Many have suggested that perhaps humans process and generate information in a similar fashion. Andy Clark, a professor of cognitive philosophy at the University of Sussex, has proposed the idea that human cognition is simply a prediction engine, a system of “prediction error minimization,” as he calls it. When we speak with others, he explains, we guess what should happen when we utter certain sounds, given our past experience with how others respond. Sometimes we misspeak, or our listeners mishear, but we are guessing at what they expect from us. When our expectations and their reactions don’t align, guesswork even becomes a source of humor.
Against all this, Hart argues that predictability is in fact antithetical to how language conveys meaning. To show this, he observes a curious feature of the order of words and the meaning they carry. This is how he puts it, in the voice of Hermes:
At the so-called syntactic level, the more determinate the content, the more susceptible it is of compression — of condensation, that is, into an algorithm. A thousand repetitions of a sequence of twenty numbers can be coded by providing just one iteration of that sequence and attaching it to a simple functional instruction for a thousand successive reiterations. A merely periodic sequence isn’t random; it’s precise and determinate, and so an algorithm can be generated that wholly contains all the “syntactic” information present in its uncondensed form…. Conversely, a wholly random sequence of, say, twenty-thousand numbers or letters can’t be usefully compressed or captured algorithmically.

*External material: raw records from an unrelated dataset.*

(* Let $X$ be a robust $X$-set parameter and let $G$ be a graph. If $X(K_1)=0$ or $G$ has no isolated vertices, then the automorphism group of $\mathfrak{X}(G)$ is generated by $\{\nu_R: R\subseteq V(G)\text{ is } X\text{-irrelevant}\}\cup M_X(G)$, where each $\psi\in M_X(G)$ acts on $\mathfrak{X}(G)$ by $S\mapsto\psi(S)$.
   Context: All graphs are finite, simple, undirected, with nonempty vertex set. A super $X$-set parameter $X$ assigns to each graph $G$ a family of subsets of $V(G)$, called the $X$-sets of $G$, such that: every graph isomorphism maps $X$-sets to $X$-sets; every graph has at least one $X$-set; and (Superset) if $S$ is an $X$-set of $G$ and $S\subseteq S'\subseteq V(G)$, then $S'$ is an $X$-set of $G$. $X(G)$ is the minimum cardinality of an $X$-set. A robust $X$-set parameter is a super $X$-set parameter that additionally satisfies: ($(n-1)$-set) if $G$ is connected of order $n\ge2$, every set of $n-1$ vertices is an $X$-set; (Component consistency) if $G_1,\dots,G_k$ are the connected components of $G$, then $S\subseteq V(G)$ is an $X$-set of $G$ iff $S\cap V(G_i)$ is an $X$-set of $G_i$ for all $i$. The $X$-TAR graph $\mathfrak{X}(G)$ has as vertices the $X$-sets of $G$, with $S_1S_2$ an edge iff $|S_1\ominus S_2|=1$. A vertex is $X$-irrelevant if it lies in no minimal (w.r.t. inclusion) $X$-set; a set is $X$-irrelevant if all its vertices are. For $R\subseteq V(G)$, $\nu_R(S)=S\ominus R$ (symmetric difference). $M_X(G)$ is the set of bijections $\psi:V(G)\to V(G)$ that send minimal $X$-sets of $G$ to minimal $X$-sets of $G$ of the same size. *)

theory Defs
  imports Main "HOL-Algebra.Bij" "HOL-Algebra.Generated_Groups"
begin

text \<open>Graphs: vertex set (finite, nonempty, subset of nat) and edges as 2-element subsets.
  Every finite simple graph is isomorphic to one of these.\<close>
type_synonym graph = "nat set \<times> nat set set"

definition verts :: "graph \<Rightarrow> nat set" where "verts G = fst G"
definition edges :: "graph \<Rightarrow> nat set set" where "edges G = snd G"

definition is_graph :: "graph \<Rightarrow> bool" where
  "is_graph G \<longleftrightarrow> finite (verts G) \<and> verts G \<noteq> {} \<and>
     (\<forall>e\<in>edges G. e \<subseteq> verts G \<and> card e = 2)"

definition graph_iso :: "(nat \<Rightarrow> nat) \<Rightarrow> graph \<Rightarrow> graph \<Rightarrow> bool" where
  "graph_iso f G H \<longleftrightarrow> bij_betw f (verts G) (verts H) \<and>
     (\<forall>x\<in>verts G. \<forall>y\<in>verts G. ({x,y} \<in> edges G \<longleftrightarrow> {f x, f y} \<in> edges H))"

definition adj_rel :: "graph \<Rightarrow> (nat \<times> nat) set" where
  "adj_rel G = {(x,y). {x,y} \<in> edges G}"

definition connected_graph :: "graph \<Rightarrow> bool" where
  "connected_graph G \<longleftrightarrow> (\<forall>x\<in>verts G. \<forall>y\<in>verts G. (x,y) \<in> (adj_rel G)\<^sup>*)"

definition component_of :: "graph \<Rightarrow> nat \<Rightarrow> nat set" where
  "component_of G v = {u. (v,u) \<in> (adj_rel G)\<^sup>*}"

definition components :: "graph \<Rightarrow> nat set set" where
  "components G = component_of G ` verts G"

definition induced :: "graph \<Rightarrow> nat set \<Rightarrow> graph" where
  "induced G C = (C, {e\<in>edges G. e \<subseteq> C})"

definition isolated :: "graph \<Rightarrow> nat \<Rightarrow> bool" where
  "isolated G v \<longleftrightarrow> v \<in> verts G \<and> (\<forall>e\<in>edges G. v \<notin> e)"

definition K1 :: graph where "K1 = ({0}, {})"

definition super_X_param :: "(graph \<Rightarrow> nat set set) \<Rightarrow> bool" where
  "super_X_param X \<longleftrightarrow>
     (\<forall>G. is_graph G \<longrightarrow> (\<forall>S\<in>X G. S \<subseteq> verts G)) \<and>
     (\<forall>G H f S. is_graph G \<and> is_graph H \<and> graph_iso f G H \<and> S \<in> X G \<longrightarrow> f ` S \<in> X H) \<and>
     (\<forall>G. is_graph G \<longrightarrow> X G \<noteq> {}) \<and>
     (\<forall>G S S'. is_graph G \<and> S \<in> X G \<and> S \<subseteq> S' \<and> S' \<subseteq> verts G \<longrightarrow> S' \<in> X G)"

Semantic information, you see, obeys a contrary calculus to that of physical bits. As it increases in determinacy, so its syntactical form increases in indeterminacy; the more exact and intentionally informed semantic information is, the more aperiodic and syntactically random its physical transmission becomes, and the more it eludes compression. I mean, the text of Anna Karenina is, from a purely quantitative vantage of its alphabetic sequences, utterly random; no algorithm could possibly be generated — at least, none that’s conceivable — that could reproduce it. And yet, at the semantic level, the richness and determinacy of the content of the book increases with each aperiodic arrangement of letters and words into coherent meaning.
The idea works something like this. As the reader goes deeper into Tolstoy’s novel, the resolution, so to speak, of the mind’s eye becomes sharper; the faces of the characters come into focus, their inner states become tangible, the world more concrete. Everything becomes clearer, or, as Hart puts it, more determinate. We need only reflect on what we knew of Anna Karenina after reading one chapter of the book and what we know now after finishing it to notice how much more definite and distinct our acquaintance with her has become.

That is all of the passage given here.